Dataset>
lemma nn_integral_partial_weight_cyl:
  assumes a: "admissible \<gamma>"
  shows "(\<integral>\<^sup>+ x. ennreal (partial_weight \<gamma> (d + length k) x * indicator (cyl k) x) \<partial>uniform_measure)
    = ennreal (cyl_weight \<gamma> k)"
proof (induct d arbitrary: k)
  case 0
  have "(\<integral>\<^sup>+ x. ennreal (partial_weight \<gamma> (length k) x * indicator (cyl k) x) \<partial>uniform_measure) =
      (\<integral>\<^sup>+ x. ennreal (2 ^ length k * cyl_weight \<gamma> k) * indicator (cyl k) x \<partial>uniform_measure)"
    by (intro nn_integral_cong) (simp add: partial_weight_cyl indicator_def)
  also have "\<dots> = ennreal (2 ^ length k * cyl_weight \<gamma> k) * emeasure uniform_measure (cyl k)"
    by (rule nn_integral_cmult_indicator) simp
  also have "\<dots> = ennreal (2 ^ length k * cyl_weight \<gamma> k * (1/2) ^ length k)"
    using cyl_weight_nonneg[OF a] by (simp add: emeasure_uniform_cyl ennreal_mult'[symmetric])
  also have "2 ^ length k * cyl_weight \<gamma> k * (1/2) ^ length k = cyl_weight \<gamma> k"
    by (simp add: power_one_over)
  finally show ?case by simp
next
  case (Suc d)
  let ?I = "\<lambda>b. \<integral>\<^sup>+ x. ennreal (partial_weight \<gamma> (d + length (k @ [b])) x * indicator (cyl (k @ [b])) x) \<partial>uniform_measure"
  have "(\<integral>\<^sup>+ x. ennreal (partial_weight \<gamma> (Suc d + length k) x * indicator (cyl k) x) \<partial>uniform_measure)
      = ?I True + ?I False"
    using partial_weight_nonneg[OF a]
    by (subst nn_integral_add[symmetric]) (auto intro!: nn_integral_cong ennreal_plus
        simp: indicator_cyl_split[of k] distrib_left)
  also have "\<dots> = ennreal (cyl_weight \<gamma> k * coin_weight \<gamma> (length k) True + cyl_weight \<gamma> k * coin_weight \<gamma> (length k) False)"
    unfolding Suc cyl_weight_snoc
    using cyl_weight_nonneg[OF a] coin_weight_pos[OF a] by (simp add: less_imp_le ennreal_plus)
  also have "\<dots> = ennreal (cyl_weight \<gamma> k)"
    using coin_weight_sum[of \<gamma> "length k"] by (simp add: distrib_left[symmetric])
  finally show ?case .
qed
text \<open>It is a covering
  map of graphs: it sends the \<open>2n\<close> neighbours of \<open>x\<close> bijectively onto the \<open>2n\<close> neighbours of
  \<open>gray x\<close>, and its fibres are the residue classes mod 4. Walks lift and project, so a code
  that is a union of fibres has the same distances, layers and parameter matrix as its image
  in \<open>H(2n,2)\<close>. It remains to see that \<open>C + 4e\<^sub>i = C\<close>. Walking from a codeword \<open>c\<close> along
  \<open>c + a\<sigma>e\<^sub>i\<close>, the conditions \<open>a\<^sub>0 = a\<^sub>1 = 0\<close>, \<open>c\<^sub>1 = 1\<close>, \<open>c\<^sub>2 = 2\<close> force the layers
  \<open>C, C\<^sub>1, C\<^sub>2, C\<^sub>1, C\<close>: every exit \<open>c + 2\<sigma>e\<^sub>i \<plusminus> e\<^sub>j\<close> off the line is excluded from \<open>C\<^sub>1\<close>,
  because it is the third neighbour of the \<open>C\<^sub>2\<close>-vertex opposite to \<open>c\<close> on a 4-cycle.\<close>

lemma adjV_relpowp_in_V: "(adjV V adj ^^ k) x y \<Longrightarrow> x \<in> V \<Longrightarrow> y \<in> V"
  by (induction k arbitrary: y) (auto simp: adjV_def)

lemma adjV_sym: "symp adj \<Longrightarrow> adjV V adj x y \<Longrightarrow> adjV V adj y x"
  by (auto simp: adjV_def dest: sympD)

lemma dist_code_walk:
  assumes "covering_radius_is V adj C \<rho>" and "v \<in> V"
  shows "\<exists>c\<in>C. (adjV V adj ^^ dist_code V adj C v) v c"
proof -
  have "\<exists>k. \<exists>c\<in>C. (adjV V adj ^^ k) v c"
    using assms unfolding covering_radius_is_def by blast
  then show ?thesis
    unfolding dist_code_def by (rule LeastI_ex)
qed

lemma dist_code_le: "(adjV V adj ^^ k) v c \<Longrightarrow> c \<in> C \<Longrightarrow> dist_code V adj C v \<le> k"
  unfolding dist_code_def by (rule Least_le) blast

lemma layer_0_eq:
  assumes "covering_radius_is V adj C \<rho>" and "C \<subseteq> V"
  shows "layer V adj C 0 = C"
proof -
  have "v \<in> C" if "v \<in> V" "dist_code V adj C v = 0" for v
    using dist_code_walk[OF assms(1) that(1)] that(2) by auto
  moreover have "dist_code V adj C v = 0" if "v \<in> C" for v
    using dist_code_le[where k = 0 and c = v] that by simp
  ultimately show ?thesis
    using assms(2) by (auto simp: layer_def)
qed

lemma dist_code_adjV_le:
  assumes "covering_radius_is V adj C \<rho>" and "symp adj" and "adjV V adj v w"
  shows "dist_code V adj C w \<le> dist_code V adj C v + 1"
proof -
  have "v \<in> V"
    using assms(3) by (simp add: adjV_def)
  then obtain c where c: "c \<in> C" "(adjV V adj ^^ dist_code V adj C v) v c"
    using dist_code_walk[OF assms(1)] by blast
  have "(adjV V adj ^^ Suc (dist_code V adj C v)) w c"
    using adjV_sym[OF assms(2,3)] c(2) by (rule relpowp_Suc_I2)
  then show ?thesis
    using dist_code_le[OF _ c(1)] by (metis add.commute plus_1_eq_Suc)
qed

section \<open>Covering maps of graphs\<close>

locale graph_cover =
  fixes V :: "'a set" and adj :: "'a \<Rightarrow> 'a \<Rightarrow> bool"
    and W :: "'b set" and adj' :: "'b \<Rightarrow> 'b \<Rightarrow> bool" and \<pi> :: "'a \<Rightarrow> 'b"
  assumes maps_to: "x \<in> V \<Longrightarrow> \<pi> x \<in> W"
    and onto: "z \<in> W \<Longrightarrow> \<exists>x\<in>V. \<pi> x = z"
    and edge_map: "adjV V adj x y \<Longrightarrow> adjV W adj' (\<pi> x) (\<pi> y)"
    and edge_lift: "x \<in> V \<Longrightarrow> adjV W adj' (\<pi> x) z \<Longrightarrow> \<exists>y. adjV V adj x y \<and> \<pi> y = z"
    and inj_on_nbrs: "adjV V adj x y \<Longrightarrow> adjV V adj x y' \<Longrightarrow> \<pi> y = \<pi> y' \<Longrightarrow> y = y'"
begin

lemma walk_map: "(adjV V adj ^^ k) x y \<Longrightarrow> (adjV W adj' ^^ k) (\<pi> x) (\<pi> y)"
proof (induction k arbitrary: y)
  case (Suc k)
  then obtain m where "(adjV V adj ^^ k) x m" "adjV V adj m y"
    by auto
  with Suc.IH show ?case
    by (meson edge_map relpowp_Suc_I)
qed simp

lemma walk_lift:
  "x \<in> V \<Longrightarrow> (adjV W adj' ^^ k) (\<pi> x) z \<Longrightarrow> \<exists>y. (adjV V adj ^^ k) x y \<and> \<pi> y = z"
proof (induction k arbitrary: z)
  case (Suc k)
  then obtain m where m: "(adjV W adj' ^^ k) (\<pi> x) m" "adjV W adj' m z"
    by auto
  with Suc obtain y where y: "(adjV V adj ^^ k) x y" "\<pi> y = m"
    by blast
  with m(2) obtain y' where "adjV V adj y y'" "\<pi> y' = z"
    using edge_lift adjV_relpowp_in_V Suc.prems(1) by metis
  with y(1) show ?case
    by (auto intro: relpowp_Suc_I)
qed auto

context
  fixes C :: "'a set"
  assumes saturated: "C = {x \<in> V. \<pi> x \<in> \<pi> ` C}"
begin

Instructions for the task> The number of lines in the records that include "metis" is what is needed, with no other words.

Reply to the task> 2